Assignment: Could you copy out every line of the data where the word "else" occurs?

Records shown:
┄┄┄┄┄┄
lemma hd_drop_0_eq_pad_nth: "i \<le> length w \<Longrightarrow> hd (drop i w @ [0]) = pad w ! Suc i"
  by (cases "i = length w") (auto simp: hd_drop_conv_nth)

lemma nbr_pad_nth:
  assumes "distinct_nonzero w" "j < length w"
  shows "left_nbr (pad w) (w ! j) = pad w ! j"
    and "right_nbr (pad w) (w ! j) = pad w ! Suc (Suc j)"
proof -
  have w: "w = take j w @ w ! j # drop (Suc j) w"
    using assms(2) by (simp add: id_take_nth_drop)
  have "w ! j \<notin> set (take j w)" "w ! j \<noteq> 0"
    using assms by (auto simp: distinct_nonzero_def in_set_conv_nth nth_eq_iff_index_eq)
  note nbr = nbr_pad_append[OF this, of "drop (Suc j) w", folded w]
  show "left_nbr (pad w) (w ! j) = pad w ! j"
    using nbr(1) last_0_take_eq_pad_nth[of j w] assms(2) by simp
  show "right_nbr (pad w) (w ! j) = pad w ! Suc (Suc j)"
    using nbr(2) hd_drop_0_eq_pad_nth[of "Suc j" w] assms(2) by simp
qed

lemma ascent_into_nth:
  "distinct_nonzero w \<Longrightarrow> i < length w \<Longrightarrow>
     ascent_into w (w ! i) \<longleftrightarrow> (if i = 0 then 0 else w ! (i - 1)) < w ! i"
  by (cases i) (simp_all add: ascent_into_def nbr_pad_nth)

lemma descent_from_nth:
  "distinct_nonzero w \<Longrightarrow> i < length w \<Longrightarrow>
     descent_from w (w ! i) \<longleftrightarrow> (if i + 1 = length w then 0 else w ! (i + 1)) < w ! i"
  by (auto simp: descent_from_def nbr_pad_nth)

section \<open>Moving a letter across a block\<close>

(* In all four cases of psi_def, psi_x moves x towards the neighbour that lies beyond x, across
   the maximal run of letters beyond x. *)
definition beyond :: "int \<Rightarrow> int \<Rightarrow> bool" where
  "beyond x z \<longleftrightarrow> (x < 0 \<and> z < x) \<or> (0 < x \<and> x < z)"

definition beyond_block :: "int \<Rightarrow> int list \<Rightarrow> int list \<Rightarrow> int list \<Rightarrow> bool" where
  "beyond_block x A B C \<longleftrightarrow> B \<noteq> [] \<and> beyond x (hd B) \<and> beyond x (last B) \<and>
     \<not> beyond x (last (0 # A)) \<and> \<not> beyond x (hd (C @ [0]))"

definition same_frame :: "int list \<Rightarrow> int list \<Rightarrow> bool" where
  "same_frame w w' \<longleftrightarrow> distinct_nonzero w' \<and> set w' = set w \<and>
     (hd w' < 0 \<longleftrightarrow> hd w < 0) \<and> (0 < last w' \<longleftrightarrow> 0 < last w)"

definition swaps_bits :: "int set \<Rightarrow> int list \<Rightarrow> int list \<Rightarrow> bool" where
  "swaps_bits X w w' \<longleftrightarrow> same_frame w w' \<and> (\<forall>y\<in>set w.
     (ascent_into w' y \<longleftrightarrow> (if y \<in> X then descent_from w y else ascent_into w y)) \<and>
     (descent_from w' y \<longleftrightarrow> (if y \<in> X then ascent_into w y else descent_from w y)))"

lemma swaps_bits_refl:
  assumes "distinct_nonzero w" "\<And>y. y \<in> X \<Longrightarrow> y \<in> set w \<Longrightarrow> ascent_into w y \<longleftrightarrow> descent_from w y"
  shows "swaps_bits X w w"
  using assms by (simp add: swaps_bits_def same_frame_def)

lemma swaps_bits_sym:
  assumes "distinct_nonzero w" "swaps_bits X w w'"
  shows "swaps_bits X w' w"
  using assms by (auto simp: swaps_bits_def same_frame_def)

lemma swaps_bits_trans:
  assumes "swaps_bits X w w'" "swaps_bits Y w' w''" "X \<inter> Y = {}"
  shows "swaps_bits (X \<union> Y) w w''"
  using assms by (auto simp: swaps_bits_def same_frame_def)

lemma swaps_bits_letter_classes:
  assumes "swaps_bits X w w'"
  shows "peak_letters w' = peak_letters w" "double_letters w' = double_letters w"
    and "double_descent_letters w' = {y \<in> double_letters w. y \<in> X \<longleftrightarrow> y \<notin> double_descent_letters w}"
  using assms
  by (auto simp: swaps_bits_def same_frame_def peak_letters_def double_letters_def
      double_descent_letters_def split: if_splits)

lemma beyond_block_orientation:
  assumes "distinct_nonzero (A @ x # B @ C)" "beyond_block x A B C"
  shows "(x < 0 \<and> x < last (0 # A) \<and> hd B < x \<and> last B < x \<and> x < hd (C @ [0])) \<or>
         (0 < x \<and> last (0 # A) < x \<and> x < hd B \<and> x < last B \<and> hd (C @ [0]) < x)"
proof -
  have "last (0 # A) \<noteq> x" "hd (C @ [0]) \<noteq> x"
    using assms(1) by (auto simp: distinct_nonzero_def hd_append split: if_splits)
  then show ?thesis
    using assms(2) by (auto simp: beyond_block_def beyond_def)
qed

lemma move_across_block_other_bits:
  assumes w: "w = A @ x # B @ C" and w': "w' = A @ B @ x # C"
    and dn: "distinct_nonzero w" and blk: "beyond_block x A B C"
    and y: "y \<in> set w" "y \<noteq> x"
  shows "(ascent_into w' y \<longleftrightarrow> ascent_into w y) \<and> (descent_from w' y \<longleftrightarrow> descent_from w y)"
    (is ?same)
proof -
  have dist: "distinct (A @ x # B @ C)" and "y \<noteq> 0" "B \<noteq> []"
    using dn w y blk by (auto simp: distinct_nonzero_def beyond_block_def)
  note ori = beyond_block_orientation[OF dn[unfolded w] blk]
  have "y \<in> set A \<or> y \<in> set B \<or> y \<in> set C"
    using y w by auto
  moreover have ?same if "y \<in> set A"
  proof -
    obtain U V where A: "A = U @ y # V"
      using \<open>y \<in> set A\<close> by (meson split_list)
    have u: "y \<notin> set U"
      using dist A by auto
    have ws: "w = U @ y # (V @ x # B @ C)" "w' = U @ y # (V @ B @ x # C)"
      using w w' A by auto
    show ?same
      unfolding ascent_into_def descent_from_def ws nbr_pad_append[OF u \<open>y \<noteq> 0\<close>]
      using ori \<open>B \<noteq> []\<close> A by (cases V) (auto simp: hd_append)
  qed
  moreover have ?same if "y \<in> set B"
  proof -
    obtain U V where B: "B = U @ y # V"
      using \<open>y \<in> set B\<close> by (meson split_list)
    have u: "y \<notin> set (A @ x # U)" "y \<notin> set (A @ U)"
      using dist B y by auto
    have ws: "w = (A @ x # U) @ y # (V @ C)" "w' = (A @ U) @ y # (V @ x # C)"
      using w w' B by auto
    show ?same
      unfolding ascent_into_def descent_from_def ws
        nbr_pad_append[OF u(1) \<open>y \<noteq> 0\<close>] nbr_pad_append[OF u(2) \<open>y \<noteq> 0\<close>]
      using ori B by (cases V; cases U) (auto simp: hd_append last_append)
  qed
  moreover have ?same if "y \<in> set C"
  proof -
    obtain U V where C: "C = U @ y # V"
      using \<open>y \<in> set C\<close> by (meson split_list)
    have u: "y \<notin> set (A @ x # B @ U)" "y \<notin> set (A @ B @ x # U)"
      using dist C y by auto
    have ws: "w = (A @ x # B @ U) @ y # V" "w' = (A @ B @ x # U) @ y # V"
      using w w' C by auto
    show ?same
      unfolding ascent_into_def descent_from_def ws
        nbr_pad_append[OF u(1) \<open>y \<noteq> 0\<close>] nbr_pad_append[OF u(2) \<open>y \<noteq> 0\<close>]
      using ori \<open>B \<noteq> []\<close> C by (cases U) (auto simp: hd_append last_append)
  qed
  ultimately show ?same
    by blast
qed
┄┄┄┄┄┄
Output:
     ascent_into w (w ! i) \<longleftrightarrow> (if i = 0 then 0 else w ! (i - 1)) < w ! i"
     descent_from w (w ! i) \<longleftrightarrow> (if i + 1 = length w then 0 else w ! (i + 1)) < w ! i"
     (ascent_into w' y \<longleftrightarrow> (if y \<in> X then descent_from w y else ascent_into w y)) \<and>
     (descent_from w' y \<longleftrightarrow> (if y \<in> X then ascent_into w y else descent_from w y)))"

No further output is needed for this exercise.